Neutral Citation: [2014] IEHC 25


High Court Record Number: 2014 9 JR

Date of Delivery: 21/01/2014

Court: High Court

Composition of Court:

Judgment by: Mac Eochaidh J.

Status of Judgment: Approved




Neutral Citation: [2014] IEHC 25

THE HIGH COURT

JUDICIAL REVIEW

[2014 No. 9 J.R.]




BETWEEN

B. M.
APPLICANT
AND

THE MINISTER FOR JUSTICE AND EQUALITY, IRELAND AND THE ATTORNEY GENERAL

RESPONDENTS

JUDGMENT of Mr. Justice Mac Eochaidh delivered on the 21st day of January 2014

1. This is an ex parte application for leave to seek judicial review of decisions by the first named respondent dated 18th December 2013, refusing to revoke a negative subsidiary protection decision and refusing to permit the applicant to make a further application for subsidiary protection.

2. The applicant is said to be a national of Cameroon. In May 2008 he was refused asylum because central elements of his claim were not believed. His application for subsidiary protection was refused in March 2012 and a Deportation Order issued. By letter of 9th December 2013, the applicant’s solicitors wrote to the Department of Justice and Equality to request revocation of the Deportation Order and of the refusal of subsidiary protection. (The revocation of the Deportation Order is under active consideration by state officials and no complaint is made in respect thereof by the applicant.)

3. The letter of the 9th of December asserts the legal frailty of the subsidiary protection refusal. In addition, complaint is made about certain findings of the Refugee Appeals Tribunal decision dated 20th May 2008. In particular, the applicant submitted in the letter that country of origin information dated 7th February 2013 indicated that certain categories of persons were frequently subject to torture and other maltreatment. The applicant claims to be a member of a group susceptible to such maltreatment and he said that his claim to be such a member has never been determined lawfully. The penultimate paragraph of the applicant’s solicitor’s letter is in the following terms:

      “In the light of the above, we would respectfully suggest that both the subsidiary protection refusal and the deportation order should now be revoked and our client should be afforded an opportunity to make a fresh application for subsidiary protection in a regime fully compliant with the legal minimum requirements. Please let us know within seven days from the date hereof whether you will agree to revoke as aforesaid, and afford us on behalf of our client an opportunity to make such application on his behalf. This letter should not be construed as such an application, but rather a request to revoke the refusal and deportation order and for permission for us to make a fresh application for subsidiary protection in the first instance.”
4. In this letter the applicant repeatedly sought the revocation of the subsidiary protection refusal based, in part, on the decision of the Court of Justice of the European Union of November 2012 in M.M. v. The Minister for Justice, Equality and Law Reform (C-277/11) and the subsequent decision of Hogan J. ([2013 IEHC 9]) in the same case dated 23rd January 2013. In addition, revocation was sought based upon information from the UN Human Rights Council dated 7th February 2013.

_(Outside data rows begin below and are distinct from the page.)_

text \<open>\<open>common\<close> collects the terms that occur identically in all three formulas of \<^const>\<open>vhat\<close>;
  \<open>upper\<close>, \<open>middle\<close> and \<open>lower\<close> are the remaining parts on \<open>ylm < y\<close>, \<open>ym < y \<le> ylm\<close>
  and \<open>y \<le> ym\<close>.\<close>

definition "common y = 1 / b * (rho / a * C6m) * y + b powr (rho / a) * C6m * y powr (- rho / a) + z * psiC k b y"
definition "common' y = rho / a * C6m / b - rho / a * C6m * b powr (rho / a) * y powr (- rho / a - 1)
   + z * (1 - b powr (1 - k) * y powr (k - 1))"
definition "upper y = (Am / b - lam * m / (a + rho)) * y + b powr (rho / a) * (a / rho * Am) * y powr (- rho / a)
   + (lam * m) powr p / (p * rho) + lam * m / (a + rho) * y * ln (y / b)"
definition "upper' y = Am / b - lam * m / (a + rho) - Am * b powr (rho / a) * y powr (- rho / a - 1)
   + lam * m / (a + rho) * (ln (y / b) + 1)"
definition "middle y = C3r / b * y - a / rho * Bm * b powr (rho / a) * y powr (- rho / a)
   + (1 - p)^3 / (p * (rho * (1 - p) - a * p)) * y powr (p / (p - 1))"
definition "middle' y = C3r / b + Bm * b powr (rho / a) * y powr (- rho / a - 1)
   - (1 - p)^2 / (rho * (1 - p) - a * p) * y powr (1 / (p - 1))"
definition "expo2 = 1 / (p - 1) + rho / a + 1"
definition "middle'' y = y powr (- rho / a - 2) * ((1 - p) / (rho * (1 - p) - a * p) * y powr expo2
   - (rho / a + 1) * Bm * b powr (rho / a))"
definition "lower y = C5r / b * y + m powr p / (p * rho) + m / (a + rho) * y * ln (y / b)"
definition "lower' y = C5r / b + m / (a + rho) * (ln (y / b) + 1)"

definition "v_upper y = common y + upper y"
definition "v_middle y = common y + middle y"
definition "v_lower y = common y + lower y"
definition "v_upper' y = common' y + upper' y"
definition "v_middle' y = common' y + middle' y"
definition "v_lower' y = common' y + lower' y"

lemma nonzero: "a \<noteq> 0" "b \<noteq> 0" "rho \<noteq> 0" "p \<noteq> 0" "a + rho \<noteq> 0" "p - 1 \<noteq> 0"
  "rho * (1 - p) - a * p \<noteq> 0"
  using a_pos b_pos rho_pos p_nonzero p_lt_1 denom_pos by auto

lemma m_pos: "m > 0"
proof -
  have "0 < b powr (1 / (p - 1))"
    using b_pos by simp
  with m_ge show ?thesis
    by linarith
qed

lemma ym_pos: "ym > 0"
  using m_pos by (simp add: ym_def)

lemma ylm_pos: "lam > 0 \<Longrightarrow> ylm > 0"
  using m_pos by (simp add: ylm_def)
(* Let $0<\alpha\leqslant1$. Define functions on $[1,\infty)$ recursively by $f_0(x)\equiv1$ and, for $k\geqslant0$, $$f_{k+1}(x)=\max\{y\in(0,1]:\ F_k(y)=\alpha x\},\qquad F_k(y)=\frac1y-y-\frac{1-\alpha}{f_k(1/y)}+f_k(1/y)\quad(0<y\leqslant1).$$ Then the sequence $\{f_k\}$ is well defined and: (a) for every $k\geqslant1$, $f_k$ is a strictly decreasing smooth function on $[1,\infty)$ with $f_k(1)=1$, $\lim_{x\to\infty}f_k(x)=0$, and $f_k(x)>1/x$ for all $x>1$; (b) for every $k\geqslant0$, $F_k$ is a strictly decreasing smooth function on $(0,1]$ with $\lim_{y\to0^+}F_k(y)=\infty$ and $F_k(1)=\alpha$; (c) for all $k\geqslant0$ and $x>1$, $f_{k+1}(x)<f_k(x)$; (d) $\{f_k\}$ converges pointwise on $[1,\infty)$ to $$f_\infty(x)=\max\left\{\frac1x,\ \frac12\left(\alpha(2-x)+\sqrt{\alpha^2(2-x)^2+4(1-\alpha)}\right)\right\}.$$ *)

theory Defs
  imports "HOL-Analysis.Analysis"
begin

text \<open>For S = [1,\<infinity>) this uses one-sided derivatives at the endpoint.\<close>
definition smooth_on :: "real set \<Rightarrow> (real \<Rightarrow> real) \<Rightarrow> bool" where
  "smooth_on S f \<longleftrightarrow> (\<exists>D :: nat \<Rightarrow> real \<Rightarrow> real. D 0 = f \<and>
      (\<forall>n. \<forall>x\<in>S. (D n has_real_derivative D (Suc n) x) (at x within S)))"

primrec fseq :: "real \<Rightarrow> nat \<Rightarrow> real \<Rightarrow> real" where
  "fseq a 0 = (\<lambda>x. 1)"
| "fseq a (Suc k) = (\<lambda>x. GREATEST y. 0 < y \<and> y \<le> 1 \<and>
      1 / y - y - (1 - a) / fseq a k (1 / y) + fseq a k (1 / y) = a * x)"

definition Fseq :: "real \<Rightarrow> nat \<Rightarrow> real \<Rightarrow> real" where
  "Fseq a k y = 1 / y - y - (1 - a) / fseq a k (1 / y) + fseq a k (1 / y)"

lemma fseq_Suc: "fseq a (Suc k) x = (GREATEST y. 0 < y \<and> y \<le> 1 \<and> Fseq a k y = a * x)"
  by (simp add: Fseq_def)

definition finf :: "real \<Rightarrow> real \<Rightarrow> real" where
  "finf a x = max (1 / x) ((a * (2 - x) + sqrt (a\<^sup>2 * (2 - x)\<^sup>2 + 4 * (1 - a))) / 2)"

end

theory Submission
  imports Defs
begin
lemma abs_linear_directional_le:
  fixes L :: "('k::finite,'n::finite,'d::finite) pt \<Rightarrow> ('k,'n,'d) pt" and P :: "('k,'n,'d) pt \<Rightarrow> real"
  assumes P: "linear P" and L: "linear L"
    and D: "\<And>c. 0 \<le> D c"
    and vW: "\<And>k l. \<bar>fst v $ k $ l\<bar> \<le> D (Some k) * fst z $ k $ l"
    and vU: "\<And>a b. \<bar>snd v $ a $ b\<bar> \<le> D None * snd z $ a $ b"
    and hW: "\<And>k. (\<Sum>l\<in>UNIV. \<bar>P (L (dirW k l))\<bar> * fst z $ k $ l) \<le> \<alpha> (Some k) * r"
    and hU: "(\<Sum>a\<in>UNIV. \<Sum>b\<in>UNIV. \<bar>P (L (dirU a b))\<bar> * snd z $ a $ b) \<le> \<alpha> None * r"
  shows "\<bar>P (L v)\<bar> \<le> (\<Sum>c\<in>UNIV. \<alpha> c * D c) * r"
proof -
  let ?W = "\<lambda>k l. \<bar>P (L (dirW k l))\<bar>" and ?U = "\<lambda>a b. \<bar>P (L (dirU a b))\<bar>"
  have "P (L v) = (\<Sum>k\<in>UNIV. \<Sum>l\<in>UNIV. fst v $ k $ l * P (L (dirW k l)))
                + (\<Sum>a\<in>UNIV. \<Sum>b\<in>UNIV. snd v $ a $ b * P (L (dirU a b)))"
    by (subst pt_expansion)
       (simp add: linear_add[OF P] linear_add[OF L] linear_sum[OF P] linear_sum[OF L]
          linear_scale[OF P] linear_scale[OF L])
  then have "\<bar>P (L v)\<bar> \<le> (\<Sum>k\<in>UNIV. \<Sum>l\<in>UNIV. \<bar>fst v $ k $ l\<bar> * ?W k l)
                        + (\<Sum>a\<in>UNIV. \<Sum>b\<in>UNIV. \<bar>snd v $ a $ b\<bar> * ?U a b)"
    by (simp only: abs_mult[symmetric])
       (intro order.trans[OF abs_triangle_ineq] add_mono order.trans[OF sum_abs] sum_mono order.refl)
  also have "\<dots> \<le> (\<Sum>k\<in>UNIV. D (Some k) * (\<Sum>l\<in>UNIV. ?W k l * fst z $ k $ l))
                 + D None * (\<Sum>a\<in>UNIV. \<Sum>b\<in>UNIV. ?U a b * snd z $ a $ b)"
    unfolding sum_distrib_left
    by (intro add_mono sum_mono)
       (auto intro: order.trans[OF mult_right_mono[OF vW]] order.trans[OF mult_right_mono[OF vU]])
  also have "\<dots> \<le> (\<Sum>k\<in>UNIV. D (Some k) * (\<alpha> (Some k) * r)) + D None * (\<alpha> None * r)"
    by (intro add_mono sum_mono mult_left_mono hW hU D)
  also have "\<dots> = (\<Sum>c\<in>UNIV. \<alpha> c * D c) * r"
    by (simp add: sum_UNIV_option sum_distrib_right sum_distrib_left algebra_simps)
  finally show ?thesis .
qed

lemma abs_ln_diff_coordinate_le:
  fixes F :: "('k::finite,'n::finite,'d::finite) pt \<Rightarrow> ('k,'n,'d) pt"
    and F' :: "('k,'n,'d) pt \<Rightarrow> (('k,'n,'d) pt \<Rightarrow>\<^sub>L ('k,'n,'d) pt)"
    and P :: "('k,'n,'d) pt \<Rightarrow> real" and pw pu \<rho>w \<rho>u :: real
  defines "B \<equiv> Bpp pw pu \<rho>w \<rho>u"
  assumes P: "bounded_linear P" and pw: "0 < pw" and pu: "0 < pu"
    and x: "x \<in> B" and y: "y \<in> B"
    and F_deriv: "\<And>z. z \<in> B \<Longrightarrow> (F has_derivative blinfun_apply (F' z)) (at z)"
    and F_pos: "\<And>z. z \<in> B \<Longrightarrow> 0 < P (F z)"
    and hW: "\<And>k z. z \<in> B \<Longrightarrow>
       (\<Sum>l\<in>UNIV. \<bar>P (F' z (dirW k l))\<bar> * fst z $ k $ l) \<le> \<alpha> (Some k) * P (F z)"
    and hU: "\<And>z. z \<in> B \<Longrightarrow>
       (\<Sum>a\<in>UNIV. \<Sum>b\<in>UNIV. \<bar>P (F' z (dirU a b))\<bar> * snd z $ a $ b) \<le> \<alpha> None * P (F z)"
  shows "\<bar>ln (P (F x)) - ln (P (F y))\<bar> \<le> (\<Sum>c\<in>UNIV. \<alpha> c * block_dist x y c)"
proof -
  interpret P: bounded_linear P by (rule P)
  define z where "z = geo_path x y"
  define v where "v t = map2_pt (\<lambda>a b. geo_interp t a b * (ln b - ln a)) x y" for t
  define g where "g t = P (F (z t))" for t
  define g' where "g' t = P (F' (z t) (v t))" for t
  have zB: "z t \<in> B" if "0 \<le> t" "t \<le> 1" for t
    unfolding z_def B_def using geo_path_in_Bpp[OF x[unfolded B_def] y[unfolded B_def] pw pu that] .
  have "(g has_real_derivative g' t) (at t)" if "0 \<le> t" "t \<le> 1" for t
  proof -
    have "((\<lambda>t. P (F (z t))) has_derivative (\<lambda>h. P (F' (z t) (h *\<^sub>R v t)))) (at t)"
      using P.has_derivative[OF diff_chain_at[OF has_derivative_geo_path F_deriv[OF zB[OF that], unfolded z_def]]]
      by (simp add: z_def v_def o_def)
    then show ?thesis
      by (simp add: g_def[abs_def] g'_def has_real_derivative_iff_has_vector_derivative has_vector_derivative_def
          blinfun.scaleR_right P.scale)
  qed
  moreover have "0 < g t" if "0 \<le> t" "t \<le> 1" for t
    using F_pos[OF zB[OF that]] by (simp add: g_def)
  moreover have "\<bar>g' t\<bar> \<le> (\<Sum>c\<in>UNIV. \<alpha> c * block_dist x y c) * g t" if "0 \<le> t" "t \<le> 1" for t
    unfolding g_def g'_def
  proof (rule abs_linear_directional_le[OF P.linear
        bounded_linear.linear[OF blinfun.bounded_linear_right] block_dist_nonneg])
    show "\<bar>fst (v t) $ k $ l\<bar> \<le> block_dist x y (Some k) * fst (z t) $ k $ l" for k l
      using abs_ln_fst_le_block_dist[of y k l x]
      by (simp add: v_def z_def geo_path_def map2_pt_def abs_mult geo_interp_pos abs_of_pos mult.commute)
    show "\<bar>snd (v t) $ a $ b\<bar> \<le> block_dist x y None * snd (z t) $ a $ b" for a b
      using abs_ln_snd_le_block_dist[of y a b x]
      by (simp add: v_def z_def geo_path_def map2_pt_def abs_mult geo_interp_pos abs_of_pos mult.commute)
  qed (use hW hU zB that in auto)
  ultimately have "\<bar>ln (g 1) - ln (g 0)\<bar> \<le> (\<Sum>c\<in>UNIV. \<alpha> c * block_dist x y c)"
    by (rule abs_ln_diff_le_of_deriv_le)
  moreover have "z 0 = x" "z 1 = y"
    using x y by (auto simp: z_def B_def Bpp_def geo_path_0 geo_path_1)
  ultimately show ?thesis by (simp add: g_def abs_minus_commute)
qed

lemma weighted_sum_le_max_ratio:
  fixes A :: "real^'a::finite^'a" and \<gamma> :: "real^'a" and D :: "'a \<Rightarrow> real"
  assumes \<gamma>: "\<And>k. 0 < \<gamma> $ k" and D: "\<And>k. 0 \<le> D k"
  shows "(\<Sum>c\<in>UNIV. \<gamma> $ c * (\<Sum>k\<in>UNIV. A $ c $ k * D k))
    \<le> Max (range (\<lambda>k. (transpose A *v \<gamma>) $ k / \<gamma> $ k)) * (\<Sum>k\<in>UNIV. \<gamma> $ k * D k)"
proof -
  define U where "U = Max (range (\<lambda>k. (transpose A *v \<gamma>) $ k / \<gamma> $ k))"
  have U: "(transpose A *v \<gamma>) $ k \<le> U * \<gamma> $ k" for k
  proof -
    have "(transpose A *v \<gamma>) $ k / \<gamma> $ k \<le> U" unfolding U_def by (rule Max_ge) auto
    then show ?thesis using \<gamma>[of k] by (simp add: pos_divide_le_eq)
  qed
  have "(\<Sum>c\<in>UNIV. \<gamma> $ c * (\<Sum>k\<in>UNIV. A $ c $ k * D k))
      = (\<Sum>c\<in>UNIV. \<Sum>k\<in>UNIV. \<gamma> $ c * A $ c $ k * D k)"
    by (simp add: sum_distrib_left mult_ac)
  also have "\<dots> = (\<Sum>k\<in>UNIV. \<Sum>c\<in>UNIV. \<gamma> $ c * A $ c $ k * D k)"
    by (rule sum.swap)
  also have "\<dots> = (\<Sum>k\<in>UNIV. (transpose A *v \<gamma>) $ k * D k)"
    by (simp add: matrix_vector_mult_def transpose_def sum_distrib_left mult_ac)
  also have "\<dots> \<le> (\<Sum>k\<in>UNIV. U * \<gamma> $ k * D k)"
    by (intro sum_mono mult_right_mono U D)
  also have "\<dots> = U * (\<Sum>k\<in>UNIV. \<gamma> $ k * D k)"
    by (simp add: sum_distrib_left mult_ac)
  finally show ?thesis unfolding U_def .
qed

theorem mainTheorem6:
  fixes F :: "('k::finite,'n::finite,'d::finite) pt \<Rightarrow> ('k,'n,'d) pt"
    and F' :: "('k,'n,'d) pt \<Rightarrow> (('k,'n,'d) pt \<Rightarrow>\<^sub>L ('k,'n,'d) pt)"
    and S :: "('k,'n,'d) pt set"
    and A :: "real^('k option)^('k option)"
    and \<gamma> :: "real^('k option)"
    and pw pu \<rho>w \<rho>u :: real
  assumes pw: "1 < pw" and pu: "1 < pu" and \<rho>w: "0 < \<rho>w" and \<rho>u: "0 < \<rho>u"
    and F_maps: "F ` Bpp pw pu \<rho>w \<rho>u \<subseteq> Vpp"
    and S_open: "open S" and S_sub: "Bpp pw pu \<rho>w \<rho>u \<subseteq> S" and S_V: "S \<subseteq> Vpp"
    and F_deriv: "\<And>x. x \<in> S \<Longrightarrow> (F has_derivative blinfun_apply (F' x)) (at x)"
    and F'_cont: "continuous_on S F'"
    and A_nonneg: "\<And>i k. 0 \<le> A $ i $ k"
    and ww: "\<And>i j k w u. (w,u) \<in> Bpp pw pu \<rho>w \<rho>u \<Longrightarrow>
       (\<Sum>l\<in>UNIV. \<bar>fst (F' (w,u) (dirW k l)) $ i $ j\<bar> * w $ k $ l)
         \<le> A $ Some i $ Some k * fst (F (w,u)) $ i $ j"
    and wu: "\<And>i j w u. (w,u) \<in> Bpp pw pu \<rho>w \<rho>u \<Longrightarrow>
       (\<Sum>a\<in>UNIV. \<Sum>b\<in>UNIV. \<bar>fst (F' (w,u) (dirU a b)) $ i $ j\<bar> * u $ a $ b)
         \<le> A $ Some i $ None * fst (F (w,u)) $ i $ j"
    and uw: "\<And>a b k w u. (w,u) \<in> Bpp pw pu \<rho>w \<rho>u \<Longrightarrow>
       (\<Sum>l\<in>UNIV. \<bar>snd (F' (w,u) (dirW k l)) $ a $ b\<bar> * w $ k $ l)
         \<le> A $ None $ Some k * snd (F (w,u)) $ a $ b"
    and uu: "\<And>a b w u. (w,u) \<in> Bpp pw pu \<rho>w \<rho>u \<Longrightarrow>
       (\<Sum>a'\<in>UNIV. \<Sum>b'\<in>UNIV. \<bar>snd (F' (w,u) (dirU a' b')) $ a $ b\<bar> * u $ a' $ b')
         \<le> A $ None $ None * snd (F (w,u)) $ a $ b"
    and \<gamma>_pos: "\<And>k. 0 < \<gamma> $ k"
    and x: "x \<in> Bpp pw pu \<rho>w \<rho>u" and y: "y \<in> Bpp pw pu \<rho>w \<rho>u"
  shows "thompson \<gamma> (F x) (F y)
     \<le> Max (range (\<lambda>k. (transpose A *v \<gamma>) $ k / \<gamma> $ k)) * thompson \<gamma> x y"
proof -
  let ?B = "Bpp pw pu \<rho>w \<rho>u"
  have pw0: "0 < pw" and pu0: "0 < pu" using pw pu by simp_all
  have F_deriv_B: "\<And>z. z \<in> ?B \<Longrightarrow> (F has_derivative blinfun_apply (F' z)) (at z)"
    using F_deriv S_sub by blast
  have F_pos: "0 < fst (F z) $ i $ j" "0 < snd (F z) $ a $ b" if "z \<in> ?B" for z i j a b
    using F_maps that by (cases "F z"; force simp: Vpp_def)+
  have block_dist_F: "block_dist (F x) (F y) c \<le> (\<Sum>c'\<in>UNIV. A $ c $ c' * block_dist x y c')" for c
  proof (cases c)
    case (Some i)
    have "\<bar>ln (fst (F x) $ i $ j) - ln (fst (F y) $ i $ j)\<bar>
        \<le> (\<Sum>c'\<in>UNIV. A $ Some i $ c' * block_dist x y c')"
      for j
      by (rule abs_ln_diff_coordinate_le[where P = "\<lambda>p. fst p $ i $ j", OF _ pw0 pu0 x y F_deriv_B])
         (auto intro: F_pos ww wu bounded_linear_fst_nth_nth)
    then show ?thesis using Some by (auto simp: block_dist_def intro: Max.boundedI)
  next
    case None
    have "\<bar>ln (snd (F x) $ a $ b) - ln (snd (F y) $ a $ b)\<bar>
        \<le> (\<Sum>c'\<in>UNIV. A $ None $ c' * block_dist x y c')"
      for a b
      by (rule abs_ln_diff_coordinate_le[where P = "\<lambda>p. snd p $ a $ b", OF _ pw0 pu0 x y F_deriv_B])
         (auto intro: F_pos uw uu bounded_linear_snd_nth_nth)
    then show ?thesis using None by (auto simp: block_dist_def intro: Max.boundedI)
  qed
  have "thompson \<gamma> (F x) (F y) = (\<Sum>c\<in>UNIV. \<gamma> $ c * block_dist (F x) (F y) c)"
    by (rule thompson_eq_sum_block_dist)
  also have "\<dots> \<le> (\<Sum>c\<in>UNIV. \<gamma> $ c * (\<Sum>c'\<in>UNIV. A $ c $ c' * block_dist x y c'))"
    by (intro sum_mono mult_left_mono block_dist_F less_imp_le[OF \<gamma>_pos])
  also have "\<dots> \<le> Max (range (\<lambda>k. (transpose A *v \<gamma>) $ k / \<gamma> $ k)) * thompson \<gamma> x y"
    unfolding thompson_eq_sum_block_dist by (rule weighted_sum_le_max_ratio[OF \<gamma>_pos block_dist_nonneg])
  finally show ?thesis .
qed

end
lemma min_grad_norm_le_of_eventually_small_errors:
  assumes \<epsilon>: "\<epsilon> > 0" and \<delta>: "\<delta> = \<kappa> * \<epsilon>^2 / 2" and T: "T \<ge> 1"
    and bounded_errors: "\<And>k. nu k (lk k) \<le> C"
    and small_errors: "\<And>k. k \<ge> K \<Longrightarrow> nu k (lk k) \<le> \<delta>/2"
    and T_K: "2 * real K * C / \<delta> \<le> real T" "1 + real K \<le> real T"
    and T_gap: "2 * (f (x 0) - flow) / (\<kappa> * \<epsilon>^2) \<le> real T"
  shows "(MIN k\<in>{..<T}. norm (grad (x k))) \<le> \<epsilon>"
proof (rule min_grad_norm_le[OF T \<epsilon>])
  have "\<delta> > 0"
    unfolding \<delta> using kappa_pos \<epsilon> by simp
  have "(\<Sum>k<T. nu k (lk k)) \<le> real K * C + real (T - K) * (\<delta>/2)"
    using T_K by (intro sum_le_of_bounded_eventually_le bounded_errors small_errors) auto
  also have "real K * C \<le> real T * (\<delta>/2)"
    using T_K \<open>\<delta> > 0\<close> by (simp add: divide_le_eq mult_ac)
  also have "real (T - K) * (\<delta>/2) \<le> real T * (\<delta>/2)"
    using \<open>\<delta> > 0\<close> by (intro mult_right_mono) auto
  finally show "(\<Sum>k<T. nu k (lk k)) \<le> real T * \<kappa> * \<epsilon>^2 / 2"
    using \<delta> by (simp add: mult_ac)
  show "f (x 0) - flow \<le> real T * \<kappa> * \<epsilon>^2 / 2"
    using T_gap kappa_pos \<epsilon> by (simp add: divide_le_eq mult_ac)
qed

lemma min_grad_norm_le_of_harmonic_errors:
  assumes \<epsilon>: "\<epsilon> > 0" and M: "M > 0"
    and first_error: "nu 0 (lk 0) \<le> M"
    and harmonic_errors: "\<And>k. k \<ge> 1 \<Longrightarrow> nu k (lk k) = M / real k"
    and T_M: "16 * M^2 / (\<kappa>^2 * \<epsilon>^4) \<le> real T" "1 + 4 * M / (\<kappa> * \<epsilon>^2) \<le> real T"
    and T_gap: "2 * (f (x 0) - flow) / (\<kappa> * \<epsilon>^2) \<le> real T"
  shows "(MIN k\<in>{..<T}. norm (grad (x k))) \<le> \<epsilon>"
proof -
  define a where "a = 4 * M / (\<kappa> * \<epsilon>^2)"
  have "a > 0"
    using M kappa_pos \<epsilon> unfolding a_def by simp
  then have T: "T \<ge> 2"
    using T_M(2) unfolding a_def by simp
  have "a^2 \<le> real T"
    using T_M(1) unfolding a_def by (simp add: power_divide power_mult_distrib flip: power_mult)
  then have "a * sqrt (real T) \<le> sqrt (real T) * sqrt (real T)"
    by (intro mult_right_mono real_le_rsqrt) auto
  then have "a * sqrt (real T) \<le> real T"
    by simp
  then have "2 * M * sqrt (real T) \<le> real T * \<kappa> * \<epsilon>^2 / 2"
    using M kappa_pos \<epsilon> unfolding a_def by (simp add: field_simps)
  then have "(\<Sum>k<T. nu k (lk k)) \<le> real T * \<kappa> * \<epsilon>^2 / 2"
    using sum_harmonic_le_sqrt[of "\<lambda>k. nu k (lk k)", OF first_error harmonic_errors _ T] M
    by simp
  moreover have "f (x 0) - flow \<le> real T * \<kappa> * \<epsilon>^2 / 2"
    using T_gap kappa_pos \<epsilon> by (simp add: divide_le_eq mult_ac)
  ultimately show ?thesis
    using min_grad_norm_le T \<epsilon> by simp
qed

The relevant part of the reply from the Department of Justice is as follows:

      “Your correspondence is being taken to be an application for the revocation of your client’s deportation order, pursuant to the provisions of s. 3(11) of the Immigration Act 1999 (as amended). You will appreciate that such an application has no suspensive effect. Once a decision has been made on that application - to ‘affirm’ or to ‘revoke’ the deportation order - this decision, and the consequences of the decision will be notified in writing.

      In relation to your client’s application for subsidiary protection, this has already been determined with the outcome of that application having been notified to your client by letter dated 5th March, 2012. It was open to your client to challenge that determination at that time but he failed to do so, directly or indirectly. As a result, it is somewhat strange that some 21 months later your client would seek to have that determination revisited. We will not be doing so.”

5. The Department of Justice gave a clear answer to the applicant’s request that the subsidiary protection refusal be revoked. I interpret the remark by the Department of Justice that the original subsidiary protection decision will not be revisited as a clear refusal to countenance the revocation of the decision, and in addition, a refusal to countenance a fresh application for subsidiary protection. The letter suggests that the reason for both of these refusals is that considerable unexplained delay has ensued since the date of the original decision and in addition, the decision was never challenged either by legal proceedings (“directly”) or by revocation request (“indirectly”).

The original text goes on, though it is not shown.